◆ Required action:
Your answer should be an exact copy of the lines from the start of the entries to the line containing "the two expectations", both included.

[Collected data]
____________________

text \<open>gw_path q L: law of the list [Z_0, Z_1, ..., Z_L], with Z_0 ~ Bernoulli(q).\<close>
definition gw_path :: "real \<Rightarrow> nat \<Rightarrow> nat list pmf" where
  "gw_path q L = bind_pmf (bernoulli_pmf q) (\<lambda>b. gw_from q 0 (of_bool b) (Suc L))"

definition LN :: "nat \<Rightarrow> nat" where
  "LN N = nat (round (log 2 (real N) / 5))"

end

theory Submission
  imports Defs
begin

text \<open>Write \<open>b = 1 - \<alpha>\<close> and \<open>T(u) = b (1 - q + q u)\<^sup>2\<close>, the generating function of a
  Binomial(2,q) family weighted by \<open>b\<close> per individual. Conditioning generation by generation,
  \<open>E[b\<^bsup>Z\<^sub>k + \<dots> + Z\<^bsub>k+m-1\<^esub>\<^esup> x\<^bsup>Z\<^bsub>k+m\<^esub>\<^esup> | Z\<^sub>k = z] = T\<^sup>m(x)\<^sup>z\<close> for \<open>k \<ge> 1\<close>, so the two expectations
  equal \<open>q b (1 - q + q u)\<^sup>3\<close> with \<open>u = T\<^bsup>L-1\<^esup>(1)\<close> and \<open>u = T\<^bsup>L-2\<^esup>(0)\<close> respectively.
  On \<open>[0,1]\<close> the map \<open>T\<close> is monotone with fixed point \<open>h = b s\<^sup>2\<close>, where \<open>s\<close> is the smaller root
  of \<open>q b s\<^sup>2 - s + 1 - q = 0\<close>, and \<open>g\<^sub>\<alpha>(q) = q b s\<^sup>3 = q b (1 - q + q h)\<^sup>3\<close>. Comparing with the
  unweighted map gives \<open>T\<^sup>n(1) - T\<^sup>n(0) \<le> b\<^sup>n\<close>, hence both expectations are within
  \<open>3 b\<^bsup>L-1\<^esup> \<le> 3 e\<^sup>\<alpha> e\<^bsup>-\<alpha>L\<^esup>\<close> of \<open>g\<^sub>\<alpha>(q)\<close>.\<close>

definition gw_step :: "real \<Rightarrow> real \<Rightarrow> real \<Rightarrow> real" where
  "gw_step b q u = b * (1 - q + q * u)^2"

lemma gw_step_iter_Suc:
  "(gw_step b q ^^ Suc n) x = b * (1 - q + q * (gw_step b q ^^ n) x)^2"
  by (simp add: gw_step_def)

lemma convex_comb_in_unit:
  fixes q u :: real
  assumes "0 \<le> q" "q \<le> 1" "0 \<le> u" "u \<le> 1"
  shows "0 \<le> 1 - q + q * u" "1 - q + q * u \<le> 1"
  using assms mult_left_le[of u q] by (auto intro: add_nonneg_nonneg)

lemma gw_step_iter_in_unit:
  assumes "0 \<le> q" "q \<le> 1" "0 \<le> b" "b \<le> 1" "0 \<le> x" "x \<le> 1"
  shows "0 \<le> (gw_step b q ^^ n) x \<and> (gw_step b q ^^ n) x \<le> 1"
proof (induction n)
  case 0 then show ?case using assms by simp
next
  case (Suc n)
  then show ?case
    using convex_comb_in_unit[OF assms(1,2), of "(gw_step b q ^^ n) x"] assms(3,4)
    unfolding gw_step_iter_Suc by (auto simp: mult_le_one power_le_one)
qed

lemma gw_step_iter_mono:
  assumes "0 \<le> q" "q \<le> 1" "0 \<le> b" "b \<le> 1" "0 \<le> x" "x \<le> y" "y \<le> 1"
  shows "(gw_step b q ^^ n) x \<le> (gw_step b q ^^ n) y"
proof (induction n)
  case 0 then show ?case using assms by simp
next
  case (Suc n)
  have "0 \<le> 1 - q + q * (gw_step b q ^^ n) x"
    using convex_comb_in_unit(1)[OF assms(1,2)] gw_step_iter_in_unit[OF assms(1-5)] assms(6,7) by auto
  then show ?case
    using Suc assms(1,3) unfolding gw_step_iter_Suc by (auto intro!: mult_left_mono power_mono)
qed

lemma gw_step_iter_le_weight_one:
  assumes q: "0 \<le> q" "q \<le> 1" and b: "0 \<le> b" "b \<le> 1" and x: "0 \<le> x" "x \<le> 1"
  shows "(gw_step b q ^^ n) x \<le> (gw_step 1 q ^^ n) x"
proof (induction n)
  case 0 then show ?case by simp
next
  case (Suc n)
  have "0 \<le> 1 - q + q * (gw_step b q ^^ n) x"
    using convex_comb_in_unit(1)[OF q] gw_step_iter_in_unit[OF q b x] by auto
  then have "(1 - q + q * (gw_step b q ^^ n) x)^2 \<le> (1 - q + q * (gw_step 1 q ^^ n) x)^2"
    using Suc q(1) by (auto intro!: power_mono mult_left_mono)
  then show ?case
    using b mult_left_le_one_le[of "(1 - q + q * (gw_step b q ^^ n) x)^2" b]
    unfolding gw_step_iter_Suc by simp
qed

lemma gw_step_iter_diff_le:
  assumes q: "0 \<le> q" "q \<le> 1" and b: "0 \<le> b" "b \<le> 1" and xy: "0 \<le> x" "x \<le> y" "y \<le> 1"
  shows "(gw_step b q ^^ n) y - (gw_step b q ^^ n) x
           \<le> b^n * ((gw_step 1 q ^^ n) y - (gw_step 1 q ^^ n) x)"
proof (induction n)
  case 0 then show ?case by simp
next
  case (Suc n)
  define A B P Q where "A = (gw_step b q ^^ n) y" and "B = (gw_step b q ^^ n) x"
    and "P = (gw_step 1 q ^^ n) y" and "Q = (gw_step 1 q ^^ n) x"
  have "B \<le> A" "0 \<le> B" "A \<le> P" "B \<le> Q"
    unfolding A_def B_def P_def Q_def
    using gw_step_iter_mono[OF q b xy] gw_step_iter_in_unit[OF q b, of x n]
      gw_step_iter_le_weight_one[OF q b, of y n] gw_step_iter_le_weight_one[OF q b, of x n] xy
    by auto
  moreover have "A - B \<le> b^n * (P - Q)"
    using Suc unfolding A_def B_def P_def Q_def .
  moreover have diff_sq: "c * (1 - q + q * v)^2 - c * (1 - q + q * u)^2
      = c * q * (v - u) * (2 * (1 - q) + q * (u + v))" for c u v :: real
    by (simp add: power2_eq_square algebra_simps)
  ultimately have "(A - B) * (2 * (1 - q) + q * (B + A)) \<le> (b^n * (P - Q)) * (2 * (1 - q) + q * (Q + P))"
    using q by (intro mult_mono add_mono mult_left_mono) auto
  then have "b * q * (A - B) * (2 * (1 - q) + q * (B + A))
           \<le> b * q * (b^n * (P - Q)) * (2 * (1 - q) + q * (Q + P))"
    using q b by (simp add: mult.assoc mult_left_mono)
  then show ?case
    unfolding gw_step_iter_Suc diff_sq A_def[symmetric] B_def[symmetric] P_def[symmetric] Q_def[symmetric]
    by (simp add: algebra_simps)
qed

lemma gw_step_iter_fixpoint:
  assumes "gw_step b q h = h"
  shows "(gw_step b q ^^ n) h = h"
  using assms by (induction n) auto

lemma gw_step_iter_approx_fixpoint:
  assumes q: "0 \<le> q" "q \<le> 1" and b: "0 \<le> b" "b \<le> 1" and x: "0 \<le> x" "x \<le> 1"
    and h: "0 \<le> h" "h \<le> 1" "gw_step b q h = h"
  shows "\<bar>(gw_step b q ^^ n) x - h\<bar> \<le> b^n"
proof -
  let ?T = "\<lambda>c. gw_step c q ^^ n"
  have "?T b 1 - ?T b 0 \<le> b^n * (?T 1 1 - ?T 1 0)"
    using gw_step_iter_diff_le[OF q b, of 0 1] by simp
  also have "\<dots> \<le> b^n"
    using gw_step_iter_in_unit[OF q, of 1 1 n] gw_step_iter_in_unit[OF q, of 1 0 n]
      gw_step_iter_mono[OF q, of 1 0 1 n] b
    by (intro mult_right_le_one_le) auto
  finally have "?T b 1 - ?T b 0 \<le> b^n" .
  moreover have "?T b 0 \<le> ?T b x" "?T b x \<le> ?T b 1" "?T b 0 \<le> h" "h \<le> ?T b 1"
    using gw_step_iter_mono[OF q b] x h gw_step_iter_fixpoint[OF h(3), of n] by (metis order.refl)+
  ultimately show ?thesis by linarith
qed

____________________

◆ Written answer:
text \<open>gw_path q L: law of the list [Z_0, Z_1, ..., Z_L], with Z_0 ~ Bernoulli(q).\<close>
definition gw_path :: "real \<Rightarrow> nat \<Rightarrow> nat list pmf" where
  "gw_path q L = bind_pmf (bernoulli_pmf q) (\<lambda>b. gw_from q 0 (of_bool b) (Suc L))"

definition LN :: "nat \<Rightarrow> nat" where
  "LN N = nat (round (log 2 (real N) / 5))"

end

theory Submission
  imports Defs
begin

text \<open>Write \<open>b = 1 - \<alpha>\<close> and \<open>T(u) = b (1 - q + q u)\<^sup>2\<close>, the generating function of a
  Binomial(2,q) family weighted by \<open>b\<close> per individual. Conditioning generation by generation,
  \<open>E[b\<^bsup>Z\<^sub>k + \<dots> + Z\<^bsub>k+m-1\<^esub>\<^esup> x\<^bsup>Z\<^bsub>k+m\<^esub>\<^esup> | Z\<^sub>k = z] = T\<^sup>m(x)\<^sup>z\<close> for \<open>k \<ge> 1\<close>, so the two expectations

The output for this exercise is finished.